立ち木を握って登るところがあるが、直ぐに傾斜は収まって、溝干山北峰(Ca760m)。
そして、指導標の立つ南峰。

 溝干山南峰も笹の中のピークで余り展望は良くなく、少し立ち止まった程度で先へ進む。
暫くは大した傾斜はないが、その先、向こうの那須ヶ原山が見える辺りから一気の大下り。
那須ヶ原山にでも登っている人の車なのか、ほぼ真下、右手から延びてくる林道に置かれ
た一台の車が小さく見える。
「坂下峠へ逆落とし」
とくだらぬ親父ギャグも出るが、アセビやツツジ等の低木が適度に生えていて、手に出来
るし、細かくジグザグが切られ、木の根が階段状になっていて怖さはない。やがて尾根か
ら外れて山腹を下る道となるが、再び尾根に合流すると、その山腹道が迂回路だったこと
が分かる。途中に見えた尾根はかなりの崩壊を見せていたので、立入禁止にはなっていな
いものの、入り込まぬ方が無難だろう。

 坂下峠はなるほど凄い崩壊切り通し。元は林道が走っていたらしいが陰も形もない。道
はその坂下峠より左寄りに降りていく。最後はササの被さりを払いのけて林道跡?に降り
立った。
ザレた坂下峠
坂下峠の東側に出てきた。奥が坂下峠

 荒れた林道を200mばかり下ると、ガードレールまであるやたら立派な舗装路とな
ったが、途中にがけ崩れがあって、そのままになっている箇所がある。何かチグハグ。

 歩いていてもキハギ、ヒヨドリバナが目立つくらいで目ぼしい花がない。ところが、
かなり降りた辺りの日陰の岩肌にイワタバコがあった。

 そろそろ林道歩きも飽きた頃、車止めゲートが見えてきて、出ると旧R1らしい二車
線道路に出る。頭上に架かるR1下り線の高架橋を見上げ、剥げたセンターラインが寂
しい旧R1をテクテクと下る。200mも行けばR1の上り線に出くわすが、さて、ど
っちへ行こうか?幸いGPSに旧東海道との合流点をインプットしていた。それによれ
ば「R1をもっと下れ」のご託宣。
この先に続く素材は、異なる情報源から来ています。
section \<open>Enumeration reducibility\<close>

lemma mem_enum_op_iff: "n \<in> enum_op G X \<longleftrightarrow> (\<exists>d. pair n d \<in> G \<and> set_decode d \<subseteq> X)"
proof
  assume "n \<in> enum_op G X"
  then obtain D where "finite D" "D \<subseteq> X" "pair n (fin_code D) \<in> G" unfolding enum_op_def by blast
  then show "\<exists>d. pair n d \<in> G \<and> set_decode d \<subseteq> X"
    by (intro exI[of _ "fin_code D"]) (simp add: fin_code_def flip: set_encode_def)
next
  assume "\<exists>d. pair n d \<in> G \<and> set_decode d \<subseteq> X"
  then obtain d where "pair n d \<in> G" "set_decode d \<subseteq> X" by blast
  then show "n \<in> enum_op G X" unfolding enum_op_def
    by (intro CollectI exI[of _ "set_decode d"]) (simp add: fin_code_def flip: set_encode_def)
qed

lemma enum_op_mono: "X \<subseteq> Y \<Longrightarrow> enum_op G X \<subseteq> enum_op G Y"
  unfolding enum_op_def by blast

lemma pair_eq_iff [simp]: "pair a b = pair c d \<longleftrightarrow> a = c \<and> b = d"
  by (simp add: pair_def)

lemma e_le_trans:
  assumes "A \<le>\<^sub>e B" and "B \<le>\<^sub>e C"
  shows "A \<le>\<^sub>e C"
proof -
  obtain G1 where G1: "ce G1" "A = enum_op G1 B" using assms(1) unfolding e_le_def by blast
  obtain G2 where G2: "ce G2" "B = enum_op G2 C" using assms(2) unfolding e_le_def by blast
  define D where "D = {z. \<exists>n e d. z = pair n e \<and> pair n d \<in> G1 \<and>
    (\<forall>x\<in>set_decode d. \<exists>c. pair x c \<in> G2 \<and> set_decode c \<subseteq> set_decode e)}"
  have "ce D" unfolding D_def
    by (intro ce_CollectI ce_rel_intros prim_rec_rel_intros prim_rec_rel_subset_set_decode
        prim_rec_intros G1(1) G2(1))
  moreover have "enum_op D C = enum_op G1 (enum_op G2 C)"
  proof (intro set_eqI iffI)
    fix n assume "n \<in> enum_op D C"
    then obtain d e where "pair n d \<in> G1" "set_decode e \<subseteq> C"
      and "\<forall>x\<in>set_decode d. \<exists>c. pair x c \<in> G2 \<and> set_decode c \<subseteq> set_decode e"
      unfolding mem_enum_op_iff D_def by auto
    then have "set_decode d \<subseteq> enum_op G2 C" unfolding subset_iff mem_enum_op_iff by blast
    then show "n \<in> enum_op G1 (enum_op G2 C)" using \<open>pair n d \<in> G1\<close> unfolding mem_enum_op_iff by blast
  next
    fix n assume "n \<in> enum_op G1 (enum_op G2 C)"
    then obtain d where d: "pair n d \<in> G1" "\<forall>x\<in>set_decode d. \<exists>c. pair x c \<in> G2 \<and> set_decode c \<subseteq> C"
      unfolding mem_enum_op_iff subset_iff by blast
    then obtain c where c: "\<forall>x\<in>set_decode d. pair x (c x) \<in> G2 \<and> set_decode (c x) \<subseteq> C"
      by metis
    define e where "e = set_encode (\<Union>x\<in>set_decode d. set_decode (c x))"
    have "set_decode e = (\<Union>x\<in>set_decode d. set_decode (c x))" unfolding e_def by simp
    then have "pair n e \<in> D" "set_decode e \<subseteq> C" unfolding D_def using d(1) c by blast+
    then show "n \<in> enum_op D C" unfolding mem_enum_op_iff by blast
  qed
  ultimately show ?thesis using G1(2) G2(2) unfolding e_le_def by auto
qed

lemma e_le_preimage:
  assumes f: "prim_rec (Suc 0) (\<lambda>xs. f (hd xs))"
  shows "{n. f n \<in> S} \<le>\<^sub>e S"
proof -
  define D where "D = {z. \<exists>n. z = pair n (2 ^ f n)}"
  have "prim_rec (Suc (Suc 0)) (\<lambda>xs. f (hd xs))"
    using prim_rec_comp[OF f prim_rec_list_Cons[OF prim_rec_hd prim_rec_list_Nil]] by simp
  then have "ce D" unfolding D_def
    by (intro ce_CollectI ce_rel_intros prim_rec_rel_intros prim_rec_intros)
  moreover have "{n. f n \<in> S} = enum_op D S"
    by (auto simp: mem_enum_op_iff D_def set_decode_power2)
  ultimately show ?thesis unfolding e_le_def by blast
qed

lemma e_le_tagged_union:
  assumes "W0 \<le>\<^sub>e U" and "W1 \<le>\<^sub>e U"
  shows "{pair a (2 * b) | a b. pair a b \<in> W0} \<union> {pair a (2 * b + 1) | a b. pair a b \<in> W1} \<le>\<^sub>e U"
proof -
  obtain G0 where G0: "ce G0" "W0 = enum_op G0 U" using assms(1) unfolding e_le_def by blast
  obtain G1 where G1: "ce G1" "W1 = enum_op G1 U" using assms(2) unfolding e_le_def by blast
  define D where "D = {z. \<exists>a b e. z = pair (pair a (2 * b)) e \<and> pair (pair a b) e \<in> G0 \<or>
    z = pair (pair a (2 * b + 1)) e \<and> pair (pair a b) e \<in> G1}"
  have "ce D" unfolding D_def
    by (intro ce_CollectI ce_rel_intros prim_rec_rel_intros prim_rec_intros G0(1) G1(1))
  moreover have "{pair a (2 * b) | a b. pair a b \<in> W0} \<union> {pair a (2 * b + 1) | a b. pair a b \<in> W1}
      = enum_op D U" (is "?W = _")
  proof (intro set_eqI iffI)
    fix z assume "z \<in> ?W"
    then show "z \<in> enum_op D U" unfolding G0(2) G1(2) mem_enum_op_iff D_def by blast
  next
    fix z assume "z \<in> enum_op D U"
    then obtain d where "pair z d \<in> D" "set_decode d \<subseteq> U" unfolding mem_enum_op_iff by blast
    then show "z \<in> ?W" unfolding G0(2) G1(2) mem_enum_op_iff D_def by auto
  qed
  ultimately show ?thesis unfolding e_le_def by blast
qed

lemma e_le_clashing_sections:
  assumes G: "ce G"
  shows "{b. \<exists>y. {2 * y, 2 * y + 1} \<subseteq> enum_op G {a. pair a b \<in> W}} \<le>\<^sub>e W" (is "?B \<le>\<^sub>e W")
proof -
  define D where "D = {z. \<exists>b e y d1 d2. z = pair b e \<and> pair (2 * y) d1 \<in> G \<and> pair (2 * y + 1) d2 \<in> G \<and>
    (\<forall>x\<in>set_decode d1. pair x b \<in> set_decode e) \<and> (\<forall>x\<in>set_decode d2. pair x b \<in> set_decode e)}"
  have "ce D" unfolding D_def
    by (intro ce_CollectI ce_rel_intros prim_rec_rel_intros prim_rec_intros G)
  moreover have "?B = enum_op D W"
  proof (intro set_eqI iffI)
    fix b assume "b \<in> ?B"
    then obtain y where "2 * y \<in> enum_op G {a. pair a b \<in> W}" "2 * y + 1 \<in> enum_op G {a. pair a b \<in> W}"
      by auto
    then obtain d1 d2 where d: "pair (2 * y) d1 \<in> G" "pair (2 * y + 1) d2 \<in> G"
      "\<forall>x\<in>set_decode d1 \<union> set_decode d2. pair x b \<in> W"
      unfolding mem_enum_op_iff by blast
    define E where "E = (\<lambda>x. pair x b) ` (set_decode d1 \<union> set_decode d2)"
    have E: "set_decode (set_encode E) = E" unfolding E_def by simp
    then have "pair b (set_encode E) \<in> D" unfolding D_def E_def using d(1,2) by blast
    moreover have "E \<subseteq> W" unfolding E_def using d(3) by blast
    ultimately show "b \<in> enum_op D W" unfolding mem_enum_op_iff using E by metis
  next
    fix b assume "b \<in> enum_op D W"
    then obtain e where "pair b e \<in> D" "set_decode e \<subseteq> W" unfolding mem_enum_op_iff by blast
    then obtain y d1 d2 where "pair (2 * y) d1 \<in> G" "pair (2 * y + 1) d2 \<in> G"
      "set_decode d1 \<subseteq> {a. pair a b \<in> W}" "set_decode d2 \<subseteq> {a. pair a b \<in> W}"
      unfolding D_def mem_Collect_eq pair_eq_iff by blast
    then have "2 * y \<in> enum_op G {a. pair a b \<in> W}" "2 * y + 1 \<in> enum_op G {a. pair a b \<in> W}"
      unfolding mem_enum_op_iff by blast+
    then show "b \<in> ?B" by blast
  qed
  ultimately show ?thesis unfolding e_le_def by blast
qed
というわけで、それを信じて間もなく眼下に見えて
きた「鈴鹿茶屋」の横を進むと鈴鹿川で、その左岸に案内板らしきものがあるのが目に
入った。やれやれ。
「山より街の方が方向定めが難しいわ」(笑)
片山神社の石柱があったからもう間違いはない。鈴鹿峠へは600mである。

 200mほど歩いた先に片山神社の建物。道はここで二つに分かれるが、東海道は右の
葛篭折れの坂道である。石畳になっていてこれは情緒があるなと喜んだのも束の間。現代
の東海道、R1の巨大なコンクリート橋脚。無粋さに腰を折られて、階段道を上がるとR
1と並行した一寸した広場になり、東海道は背後の崖を上がって行くらしい。

その上がり道に「ほっしんの初にこゆる鈴鹿山」と彫られた句碑。貞享2年(1685)
芭蕉42歳の作。更に上がった先に「馬の水飲み鉢」が置かれてある。箱根と並ぶ難所。
荷を運ぶ馬もさぞや疲れたに違いない。

 葛篭折れの道はやがて傾斜を緩めて、広くなったと思ったら、そこは往路の高畑山の登
り口の広場であった。昔の旅人に申し訳ない位のあっけなさであった。

 さて、駐車地に戻ってその先の万人講常夜燈を見に行く。重量38トン、高さ5.4m
の巨大な石燈籠である。元は金毘羅講の講中が道中安全の為に建立したもの。近在の人々
3000人が奉仕したという。重機もない時代に大したものである。その巨大な燈籠を仰
ぎながら、傍の休憩所の長椅子に腰を下ろし、残った茶を飲み干す。
「今日も無事戻ってきました」(笑)
帰りに峠の南の麓、亀山の150円風呂「白鳥の湯」に浸かって汗を落とす。そうして栗
東経由で帰途に着く。
金毘羅参りの万人講常夜燈

 想像以上にいい山。はっきり云って穴場といってもいいほど。また歩きたい南鈴鹿であ
りました。因みに高畑山は2座目。でも夏場は些かしんどいです。(笑)


【タイムチャート】
7:20自宅発
9:42〜9:50万人講常夜燈横(駐車地)
9:53鈴鹿峠(高畑山登山口)(Ca380m)
9:58〜10:03鏡岩
10:30〜10:35Ca630mピーク
11:17高畑山東峰(Ca760m)
11:22〜12:05高畑山西峰(773.3m 二等三角点)
12:29溝干山(770m)
12:50坂下峠(Ca630m)
14:00林道神大滝線入口
14:15旧東海道
14:20片山神社
14:30鈴鹿峠(高畑山登山口)(Ca380m)
14:35万人講常夜燈横(駐車地)


高畑山のデータ
【所在地】滋賀県甲賀市、三重県亀山市
【標高】773.3m(二等三角点)
【備考】 鈴鹿山脈の南部、鈴鹿峠の西に盛り上がる山です。山頂
は、360度の大パノラマで、鈴鹿の山々、青山高原、
伊勢湾、琵琶湖が見晴るかせます。東の麓に東海道が走
り、難所の鈴鹿峠で、山賊が旅人をつけねらったという
鏡岩があります。坂下集落まで三交バスがありますが、
本数が少なく、マイカーが便利です。